_Your objective:_
Search the entries for the line containing "the ring laws.\<close>". Repeat it, then every line after it, exactly through the final line.

[Opening Records shown section]

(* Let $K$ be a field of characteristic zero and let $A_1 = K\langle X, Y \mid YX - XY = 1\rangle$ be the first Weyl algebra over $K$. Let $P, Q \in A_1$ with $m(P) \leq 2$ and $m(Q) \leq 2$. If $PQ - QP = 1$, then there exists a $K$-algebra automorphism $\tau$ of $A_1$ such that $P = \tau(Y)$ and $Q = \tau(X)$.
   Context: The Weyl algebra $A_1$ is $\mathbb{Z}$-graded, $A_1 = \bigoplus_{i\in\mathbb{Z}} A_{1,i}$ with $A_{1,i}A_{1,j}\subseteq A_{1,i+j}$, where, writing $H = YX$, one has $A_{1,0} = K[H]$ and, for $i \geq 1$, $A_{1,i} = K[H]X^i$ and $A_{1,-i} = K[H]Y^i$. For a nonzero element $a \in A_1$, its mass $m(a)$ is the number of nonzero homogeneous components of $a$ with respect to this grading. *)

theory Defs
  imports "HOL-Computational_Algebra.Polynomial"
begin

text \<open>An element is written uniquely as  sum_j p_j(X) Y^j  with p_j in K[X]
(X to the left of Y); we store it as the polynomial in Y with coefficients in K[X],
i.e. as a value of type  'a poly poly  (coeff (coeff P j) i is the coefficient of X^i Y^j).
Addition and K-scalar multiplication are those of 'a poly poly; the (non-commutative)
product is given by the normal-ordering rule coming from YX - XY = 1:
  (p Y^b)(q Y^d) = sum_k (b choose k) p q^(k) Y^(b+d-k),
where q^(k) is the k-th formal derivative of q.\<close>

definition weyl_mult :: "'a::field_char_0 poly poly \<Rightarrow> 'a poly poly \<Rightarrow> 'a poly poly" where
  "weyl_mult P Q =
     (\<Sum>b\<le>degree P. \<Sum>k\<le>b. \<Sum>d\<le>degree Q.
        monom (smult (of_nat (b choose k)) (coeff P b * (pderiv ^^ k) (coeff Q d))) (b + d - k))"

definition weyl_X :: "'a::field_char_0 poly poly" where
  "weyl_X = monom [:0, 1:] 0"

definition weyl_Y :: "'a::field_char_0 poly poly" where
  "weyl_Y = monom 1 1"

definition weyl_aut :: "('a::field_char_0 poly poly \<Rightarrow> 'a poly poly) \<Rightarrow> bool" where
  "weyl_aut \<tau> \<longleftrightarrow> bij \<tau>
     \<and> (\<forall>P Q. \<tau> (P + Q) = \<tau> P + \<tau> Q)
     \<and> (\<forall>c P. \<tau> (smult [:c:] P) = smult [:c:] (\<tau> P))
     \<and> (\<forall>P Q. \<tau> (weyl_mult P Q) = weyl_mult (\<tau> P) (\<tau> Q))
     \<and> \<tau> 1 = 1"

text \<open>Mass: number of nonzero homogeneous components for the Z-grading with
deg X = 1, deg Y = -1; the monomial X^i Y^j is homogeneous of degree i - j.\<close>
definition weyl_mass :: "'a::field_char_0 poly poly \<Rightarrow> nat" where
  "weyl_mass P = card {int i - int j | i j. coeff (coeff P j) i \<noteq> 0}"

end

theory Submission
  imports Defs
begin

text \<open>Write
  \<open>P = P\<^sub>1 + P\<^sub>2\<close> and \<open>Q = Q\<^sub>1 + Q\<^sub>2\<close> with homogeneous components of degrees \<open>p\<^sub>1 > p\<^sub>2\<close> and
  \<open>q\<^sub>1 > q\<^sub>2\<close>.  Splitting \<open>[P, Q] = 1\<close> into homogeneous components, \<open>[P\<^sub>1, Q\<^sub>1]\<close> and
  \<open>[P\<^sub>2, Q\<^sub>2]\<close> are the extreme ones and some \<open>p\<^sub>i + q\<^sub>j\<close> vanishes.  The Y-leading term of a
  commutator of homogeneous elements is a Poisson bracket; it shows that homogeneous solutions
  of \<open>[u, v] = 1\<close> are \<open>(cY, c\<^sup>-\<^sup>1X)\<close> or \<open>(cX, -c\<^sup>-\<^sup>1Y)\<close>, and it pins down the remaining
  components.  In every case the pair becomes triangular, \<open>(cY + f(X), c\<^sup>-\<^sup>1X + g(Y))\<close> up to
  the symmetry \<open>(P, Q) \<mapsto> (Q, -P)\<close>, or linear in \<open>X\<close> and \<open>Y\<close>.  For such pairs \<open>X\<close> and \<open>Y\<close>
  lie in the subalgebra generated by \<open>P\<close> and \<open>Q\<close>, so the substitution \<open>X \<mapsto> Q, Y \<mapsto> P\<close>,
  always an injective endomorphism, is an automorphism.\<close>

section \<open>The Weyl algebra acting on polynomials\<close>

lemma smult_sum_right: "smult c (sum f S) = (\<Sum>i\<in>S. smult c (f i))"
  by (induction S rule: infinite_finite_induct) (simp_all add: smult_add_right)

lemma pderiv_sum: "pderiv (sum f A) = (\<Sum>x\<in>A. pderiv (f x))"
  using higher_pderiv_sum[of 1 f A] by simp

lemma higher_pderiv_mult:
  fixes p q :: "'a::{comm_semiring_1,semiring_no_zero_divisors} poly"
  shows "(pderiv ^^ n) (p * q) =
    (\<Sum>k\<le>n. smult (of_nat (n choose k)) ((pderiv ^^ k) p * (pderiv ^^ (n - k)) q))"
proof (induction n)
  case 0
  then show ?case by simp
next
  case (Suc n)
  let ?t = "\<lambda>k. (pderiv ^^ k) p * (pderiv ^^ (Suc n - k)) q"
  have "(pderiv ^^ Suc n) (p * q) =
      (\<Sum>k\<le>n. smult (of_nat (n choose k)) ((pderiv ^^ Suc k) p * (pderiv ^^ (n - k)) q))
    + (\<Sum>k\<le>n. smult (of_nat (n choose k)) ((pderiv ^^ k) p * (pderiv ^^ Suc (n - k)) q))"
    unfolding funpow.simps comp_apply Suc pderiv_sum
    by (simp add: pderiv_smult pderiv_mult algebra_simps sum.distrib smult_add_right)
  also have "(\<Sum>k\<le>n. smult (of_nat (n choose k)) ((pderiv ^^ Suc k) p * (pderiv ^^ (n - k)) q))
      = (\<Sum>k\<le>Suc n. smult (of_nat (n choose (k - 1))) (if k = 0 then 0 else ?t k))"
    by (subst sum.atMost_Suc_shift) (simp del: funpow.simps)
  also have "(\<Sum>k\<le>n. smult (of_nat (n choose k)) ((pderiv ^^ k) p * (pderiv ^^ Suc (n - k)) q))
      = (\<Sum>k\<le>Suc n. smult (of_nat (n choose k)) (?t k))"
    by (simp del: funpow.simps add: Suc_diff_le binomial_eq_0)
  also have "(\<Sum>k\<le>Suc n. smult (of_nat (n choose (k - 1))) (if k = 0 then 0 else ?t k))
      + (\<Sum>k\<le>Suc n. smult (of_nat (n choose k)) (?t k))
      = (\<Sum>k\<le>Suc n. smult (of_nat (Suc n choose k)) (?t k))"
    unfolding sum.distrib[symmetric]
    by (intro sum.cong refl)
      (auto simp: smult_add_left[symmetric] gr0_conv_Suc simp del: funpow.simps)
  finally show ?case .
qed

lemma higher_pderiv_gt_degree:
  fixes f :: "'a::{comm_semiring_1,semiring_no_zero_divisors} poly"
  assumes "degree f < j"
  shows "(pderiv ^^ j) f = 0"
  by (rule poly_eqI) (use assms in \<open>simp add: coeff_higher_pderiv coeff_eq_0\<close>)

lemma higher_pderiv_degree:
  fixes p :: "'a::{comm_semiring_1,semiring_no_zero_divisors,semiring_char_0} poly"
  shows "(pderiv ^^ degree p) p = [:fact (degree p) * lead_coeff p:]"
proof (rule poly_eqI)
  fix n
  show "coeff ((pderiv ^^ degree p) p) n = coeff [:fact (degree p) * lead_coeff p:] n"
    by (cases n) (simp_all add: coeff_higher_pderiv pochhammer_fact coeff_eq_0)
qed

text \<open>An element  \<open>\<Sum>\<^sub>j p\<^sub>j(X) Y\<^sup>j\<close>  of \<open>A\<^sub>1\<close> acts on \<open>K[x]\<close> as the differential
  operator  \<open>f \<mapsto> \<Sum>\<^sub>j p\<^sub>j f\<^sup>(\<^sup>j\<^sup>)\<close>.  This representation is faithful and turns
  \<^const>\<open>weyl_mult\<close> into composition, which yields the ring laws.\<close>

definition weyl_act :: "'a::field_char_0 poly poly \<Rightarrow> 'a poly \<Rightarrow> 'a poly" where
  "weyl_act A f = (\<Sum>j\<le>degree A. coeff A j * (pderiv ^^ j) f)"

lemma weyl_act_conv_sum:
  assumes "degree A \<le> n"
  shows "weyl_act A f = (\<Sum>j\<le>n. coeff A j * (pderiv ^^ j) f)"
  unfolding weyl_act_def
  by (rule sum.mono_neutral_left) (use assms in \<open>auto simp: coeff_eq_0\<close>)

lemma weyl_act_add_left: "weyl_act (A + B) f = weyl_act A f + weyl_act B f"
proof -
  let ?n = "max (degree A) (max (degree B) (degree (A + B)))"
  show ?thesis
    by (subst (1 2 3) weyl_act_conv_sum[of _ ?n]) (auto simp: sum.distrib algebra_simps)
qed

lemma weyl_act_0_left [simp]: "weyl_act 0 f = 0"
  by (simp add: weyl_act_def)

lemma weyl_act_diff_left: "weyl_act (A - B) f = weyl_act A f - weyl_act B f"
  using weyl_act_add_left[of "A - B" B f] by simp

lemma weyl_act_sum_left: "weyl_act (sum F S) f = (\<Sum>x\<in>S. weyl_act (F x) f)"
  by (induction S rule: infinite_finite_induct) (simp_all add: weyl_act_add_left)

[Closing Records shown section]

_Finished exercise:_
  \<^const>\<open>weyl_mult\<close> into composition, which yields the ring laws.\<close>

definition weyl_act :: "'a::field_char_0 poly poly \<Rightarrow> 'a poly \<Rightarrow> 'a poly" where
  "weyl_act A f = (\<Sum>j\<le>degree A. coeff A j * (pderiv ^^ j) f)"

lemma weyl_act_conv_sum:
  assumes "degree A \<le> n"
  shows "weyl_act A f = (\<Sum>j\<le>n. coeff A j * (pderiv ^^ j) f)"
  unfolding weyl_act_def
  by (rule sum.mono_neutral_left) (use assms in \<open>auto simp: coeff_eq_0\<close>)

lemma weyl_act_add_left: "weyl_act (A + B) f = weyl_act A f + weyl_act B f"
proof -
  let ?n = "max (degree A) (max (degree B) (degree (A + B)))"
  show ?thesis
    by (subst (1 2 3) weyl_act_conv_sum[of _ ?n]) (auto simp: sum.distrib algebra_simps)
qed

lemma weyl_act_0_left [simp]: "weyl_act 0 f = 0"
  by (simp add: weyl_act_def)

lemma weyl_act_diff_left: "weyl_act (A - B) f = weyl_act A f - weyl_act B f"
  using weyl_act_add_left[of "A - B" B f] by simp

lemma weyl_act_sum_left: "weyl_act (sum F S) f = (\<Sum>x\<in>S. weyl_act (F x) f)"
  by (induction S rule: infinite_finite_induct) (simp_all add: weyl_act_add_left)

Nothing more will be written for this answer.